Apologies if this would be better in the users list, but it feels like a
devel question.

I've just entered the world of DVB and thus started using xmltv,
specifically tv_grab_uk_rt. I was surprised by how long this took to
process the channel listing. For approx 60 channels on my laptop it takes
about 15min, on my DVB box that's more like 60min! And that's with 100% CPU
load.

I've done some searching on the web and most responses seem to be "that's
how long it takes!". However it doesn't seem right to me.

However this doesn't seem right to me for some basic data processing
(apologies if I'm vastly over simplifying), so I thought I'd write my own
script, using some of the hosted xmltv data used by tv_grab_uk_rt, to see
if I could see where the bottle necks are.

So far I have something which I believe is outputting roughly the right
things (I'm currently using python-xmltv which doesn't format the xml so
difficult to compare, however in an earlier version I hand crafted the XML
to match the format output by tv_grab_uk_rt). This script takes approx 15s
on my laptop (not tried on DVB box).

It doesn't include all the string processing, so my guess is that must be
part of the reason things take so long. So far I have only included the
uft8_fixups mappings, basic prog title mappings (key 5) and genre mappings.

However for a basic EPG display this is more than good enough (at least for
now). I just wondered what peoples thoughts were on this and whether there
is a mode that the mentioned script can be put into to create a similar
performance.

Regards
Adam
Karl Dietz
2012-01-17 21:10:54 UTC
Permalink
Hi Adam,
Post by Adam Sutton
I've just entered the world of DVB and thus started using xmltv,
That sounds the wrong way around.

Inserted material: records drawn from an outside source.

(* Let $q>0$, $\mu=\sqrt q$, $H$ a $d$-dimensional Hilbert space with orthonormal basis $\psi_1,\dots,\psi_d$, $1\le n\le d$ and $1\le i_1<\dots<i_n\le d$. Then $(S_{i_1,\dots,i_n}^*\otimes1_H)(1_H\otimes S_{i_1,\dots,i_n})=(n-1)!_q(-\mu)^{n-1}1_{H_{i_1,\dots,i_n}}$ (as operators on $H$, $1_{H_{i_1,\dots,i_n}}$ the orthogonal projection onto $H_{i_1,\dots,i_n}$), and $(S_{i_1,\dots,i_n}^*\otimes1_{H^{\otimes(n-1)}})(1_{H^{\otimes(n-1)}}\otimes S_{i_1,\dots,i_n})=(-\mu)^{n-1}\varepsilon(A_{n-1})\,1_{H_{i_1,\dots,i_n}^{\otimes(n-1)}}$ (as operators on $H^{\otimes(n-1)}$). In particular $(S^*\otimes1_H)(1_H\otimes S)=(d-1)!_q(-\mu)^{d-1}1_H$ and $(S^*\otimes1_{H^{\otimes(d-1)}})(1_{H^{\otimes(d-1)}}\otimes S)=(-\mu)^{d-1}\varepsilon(A_{d-1})$.
   Context: $g_q$ on $H\otimes H$: $g_q\psi_i\otimes\psi_j=-\mu\psi_j\otimes\psi_i$ ($i<j$), $g_q\psi_i\otimes\psi_i=-\psi_i\otimes\psi_i$, $g_q\psi_i\otimes\psi_j=(q-1)\psi_i\otimes\psi_j-\mu\psi_j\otimes\psi_i$ ($i>j$); $\varepsilon(g_i)=1_{H^{\otimes(i-1)}}\otimes g_q\otimes1$ defines the Jimbo–Woronowicz representations of the Hecke algebras $H_m(q)$. $A_1=1$, $A_{m+1}=\sum_{i=0}^m g_i\cdots g_1\sigma(A_m)$ with $\sigma(g_i)=g_{i+1}$; $n!_q=\prod_{j=1}^n(1+\dots+q^{j-1})$. $S_{i_1,\dots,i_n}:=\sum_{p\in\mathbb P_n}(-\mu)^{i(p)}\psi_{i_{p(1)}}\otimes\dots\otimes\psi_{i_{p(n)}}$ ($i(p)$ = number of inversions), viewed as a map $\mathbb C\to H^{\otimes n}$; $S=S_{1,\dots,d}$; $H_{i_1,\dots,i_n}=\mathrm{span}\{\psi_{i_1},\dots,\psi_{i_n}\}$. *)

theory Defs
  imports Complex_Main "HOL-Combinatorics.Permutations"
begin

text \<open>Coordinate model: H = C^d with orthonormal basis psi_1..psi_d (indices 1..d).
  The basis of H^{\<otimes>m} is indexed by lists of length m with entries in {1..d}.
  An operator H^{\<otimes>m} -> H^{\<otimes>k} is represented by its matrix (kernel)
  K :: nat list => nat list => complex, K out in = <psi_out, T psi_in>.\<close>

type_synonym kernel = "nat list \<Rightarrow> nat list \<Rightarrow> complex"

definition tens :: "nat \<Rightarrow> nat \<Rightarrow> nat list set" where
  "tens d m = {xs. length xs = m \<and> set xs \<subseteq> {1..d}}"

definition kid :: kernel where
  "kid xs ys = (if xs = ys then 1 else 0)"

definition kcomp :: "nat \<Rightarrow> nat \<Rightarrow> kernel \<Rightarrow> kernel \<Rightarrow> kernel" where
  "kcomp d m A B = (\<lambda>xs zs. \<Sum>ys\<in>tens d m. A xs ys * B ys zs)"
(* Let $K\subset\mathbb R$ be compact, let $h:\mathbb R\to\mathbb R$ be a continuous increasing function with $h(0)=0$, and let $\varepsilon>0$. Then there exists a flow map $\varphi$ of the one-dimensional control system $\dot x=\theta_1x^3+\theta_2x^2$ with control $\theta=(\theta_1,\theta_2)\in\mathbb R^2$ (i.e. $\varphi\in\mathcal A_{\mathcal F}(K)$) such that $\|\varphi-h\|_{C(K)}<\varepsilon$.
   Context: Controls are piecewise constant; $\mathcal F=\{x\mapsto\theta_1x^3+\theta_2x^2:\theta\in\mathbb R^2\}$. For $g\in\mathcal F$, $\varphi^g_t$ is the time-$t$ flow of $\dot x=g(x)$. $\mathcal A_{\mathcal F}(K)$ is the set of compositions $\varphi^{f_k}_{t_k}\circ\cdots\circ\varphi^{f_1}_{t_1}$ on $K$ where, with $K_0=K$, each $t_j\ge0$ is smaller than the maximal time for which the flow of $f_j\in\mathcal F$ exists for all initial points in $K_{j-1}$, and $K_j=\varphi^{f_j}_{t_j}(K_{j-1})$. $\|\cdot\|_{C(K)}$ is the supremum norm on $K$. *)

theory Defs
  imports "HOL-Analysis.Analysis"
begin

definition cubic_field :: "real \<times> real \<Rightarrow> real \<Rightarrow> real" where
  "cubic_field \<theta> x = fst \<theta> * x ^ 3 + snd \<theta> * x ^ 2"

definition FF :: "(real \<Rightarrow> real) set" where
  "FF = {g. \<exists>\<theta>. g = cubic_field \<theta>}"

definition is_solution :: "(real \<Rightarrow> real) \<Rightarrow> real \<Rightarrow> real \<Rightarrow> (real \<Rightarrow> real) \<Rightarrow> bool" where
  "is_solution g T x0 y \<longleftrightarrow> y 0 = x0 \<and>
     (\<forall>s\<in>{0..T}. (y has_real_derivative g (y s)) (at s within {0..T}))"

definition flow_exists :: "(real \<Rightarrow> real) \<Rightarrow> real \<Rightarrow> real \<Rightarrow> bool" where
  "flow_exists g T x0 \<longleftrightarrow> (\<exists>y. is_solution g T x0 y)"

text \<open>Time-t flow map (solutions are unique for locally Lipschitz g).\<close>
definition flow :: "(real \<Rightarrow> real) \<Rightarrow> real \<Rightarrow> real \<Rightarrow> real" where
  "flow g t x0 = (THE z. \<exists>y. is_solution g t x0 y \<and> y t = z)"

text \<open>The time t must be smaller than the maximal time of existence for all initial points
  of the current set, i.e. there is T > t such that the flow exists on [0,T] for all of them.\<close>
inductive AF :: "real set \<Rightarrow> (real \<Rightarrow> real) \<Rightarrow> real set \<Rightarrow> bool" for K where
  AF_id: "AF K id K"
| AF_step: "AF K \<phi> K' \<Longrightarrow> g \<in> FF \<Longrightarrow> 0 \<le> t \<Longrightarrow>
     (\<exists>T>t. \<forall>x\<in>K'. flow_exists g T x) \<Longrightarrow>
     AF K (flow g t \<circ> \<phi>) (flow g t ` K')"

definition A_F :: "real set \<Rightarrow> (real \<Rightarrow> real) set" where
  "A_F K = {\<phi>. \<exists>K'. AF K \<phi> K'}"

end

theory Submission
  imports Defs
begin

text \<open>
  The time-one flows of \<open>x' = a x\<^sup>2\<close> and \<open>x' = (b/2) x\<^sup>3\<close> are \<open>x \<mapsto> x/(1 - a x)\<close> and
  \<open>x \<mapsto> x/\<surd>(1 - b x\<^sup>2)\<close>, so every admissible composition (a word) of these steps is realised in
  \<open>A_F K\<close>. Conjugating a quadratic step by strong cubic steps adds a constant to \<open>1/x\<^sup>2\<close> on \<open>x > 0\<close>
  while almost fixing \<open>x < 0\<close>, and a zooming conjugation doubles the exponent; hence words approximate
  the maps with \<open>1/P(x)\<^sup>N = 1/x\<^sup>N + c\<close> on \<open>x > 0\<close>, \<open>N = 2\<^sup>k\<close>, which fix the negative half-line.
  Composites of these maps push a single point up or down while barely moving the smaller positive
  points, so an increasing \<open>h\<close> with \<open>h 0 = 0\<close> can be fitted on a finite grid, one half-line at a
  time. Words are increasing, so fitting on a grid finer than the modulus of continuity of \<open>h\<close>
  gives a uniform approximation.
\<close>

section \<open>Flows of the control system\<close>

lemma cubic_field_lipschitz:
  fixes a b M :: real
  assumes "\<bar>a\<bar> \<le> M" "\<bar>b\<bar> \<le> M"
  shows "\<bar>cubic_field \<theta> a - cubic_field \<theta> b\<bar> \<le> (3*\<bar>fst \<theta>\<bar>*M^2 + 2*\<bar>snd \<theta>\<bar>*M) * \<bar>a - b\<bar>"
proof -
  have factor: "cubic_field \<theta> a - cubic_field \<theta> b = (a - b) * (fst \<theta> * (a^2+a*b+b^2) + snd \<theta> * (a+b))"
    unfolding cubic_field_def by (simp add: algebra_simps power2_eq_square power3_eq_cube)
  have "\<bar>a^2+a*b+b^2\<bar> \<le> \<bar>a^2\<bar>+\<bar>a*b\<bar>+\<bar>b^2\<bar>"
    by (rule order_trans[OF abs_triangle_ineq add_right_mono[OF abs_triangle_ineq]])
  also have "\<dots> = \<bar>a\<bar>*\<bar>a\<bar>+\<bar>a\<bar>*\<bar>b\<bar>+\<bar>b\<bar>*\<bar>b\<bar>"
    by (simp add: abs_mult power2_eq_square)
  also have "\<dots> \<le> 3*M^2"
    using mult_mono[OF assms(1) assms(1)] mult_mono[OF assms(1) assms(2)] mult_mono[OF assms(2) assms(2)] assms
    by (simp add: power2_eq_square)
  finally have quad: "\<bar>a^2+a*b+b^2\<bar> \<le> 3*M^2" .
  have lin: "\<bar>a+b\<bar> \<le> 2*M" using assms by linarith
  have "\<bar>fst \<theta> * (a^2+a*b+b^2) + snd \<theta> * (a+b)\<bar> \<le> \<bar>fst \<theta>\<bar> * \<bar>a^2+a*b+b^2\<bar> + \<bar>snd \<theta>\<bar>*\<bar>a+b\<bar>"
    by (metis abs_mult abs_triangle_ineq)
  also have "\<dots> \<le> 3*\<bar>fst \<theta>\<bar>*M^2 + 2*\<bar>snd \<theta>\<bar>*M"
    using mult_left_mono[OF quad, of "\<bar>fst \<theta>\<bar>"] mult_left_mono[OF lin, of "\<bar>snd \<theta>\<bar>"] by simp
  finally show ?thesis unfolding factor abs_mult
    by (subst mult.commute) (intro mult_right_mono abs_ge_zero)
qed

Going to digital TV you got some
options for guide data via your DVB signal that you did not have on
an analogue feed. (DVB-EIT, MHEG, etc.)
If you only want to look at the guide that might be enough for you.

...
Post by Adam Sutton
However this doesn't seem right to me for some basic data processing
(apologies if I'm vastly over simplifying), so I thought I'd write my
own script, using some of the hosted xmltv data used by tv_grab_uk_rt,
to see if I could see where the bottle necks are.
Analysis of performance bottlenecks in _uk_rt (or other grabbers) are
always appreciated.
Post by Adam Sutton
So far I have something which I believe is outputting roughly the right
things (I'm currently using python-xmltv which doesn't format the xml so
difficult to compare, however in an earlier version I hand crafted the
XML to match the format output by tv_grab_uk_rt). This script takes
approx 15s on my laptop (not tried on DVB box).
you can run your files through tv_sort to unify the formatting
Post by Adam Sutton
It doesn't include all the string processing, so my guess is that must
be part of the reason things take so long. So far I have only included
the uft8_fixups mappings, basic prog title mappings (key 5) and genre
mappings.
However for a basic EPG display this is more than good enough (at least
for now). I just wondered what peoples thoughts were on this and whether
there is a mode that the mentioned script can be put into to create a
similar performance.
The value of _uk_rt lies in the unification of the guide for
consumption by machines.
Likely everyone is happy with it being "fast enough" as it runs in a
daily batch job anyway.

Another option would be to port the fixes upstream, now that the feed
generation is done by MetaBroadcast. But you really need to talk to
Nick/MetaBroadcast about current developments.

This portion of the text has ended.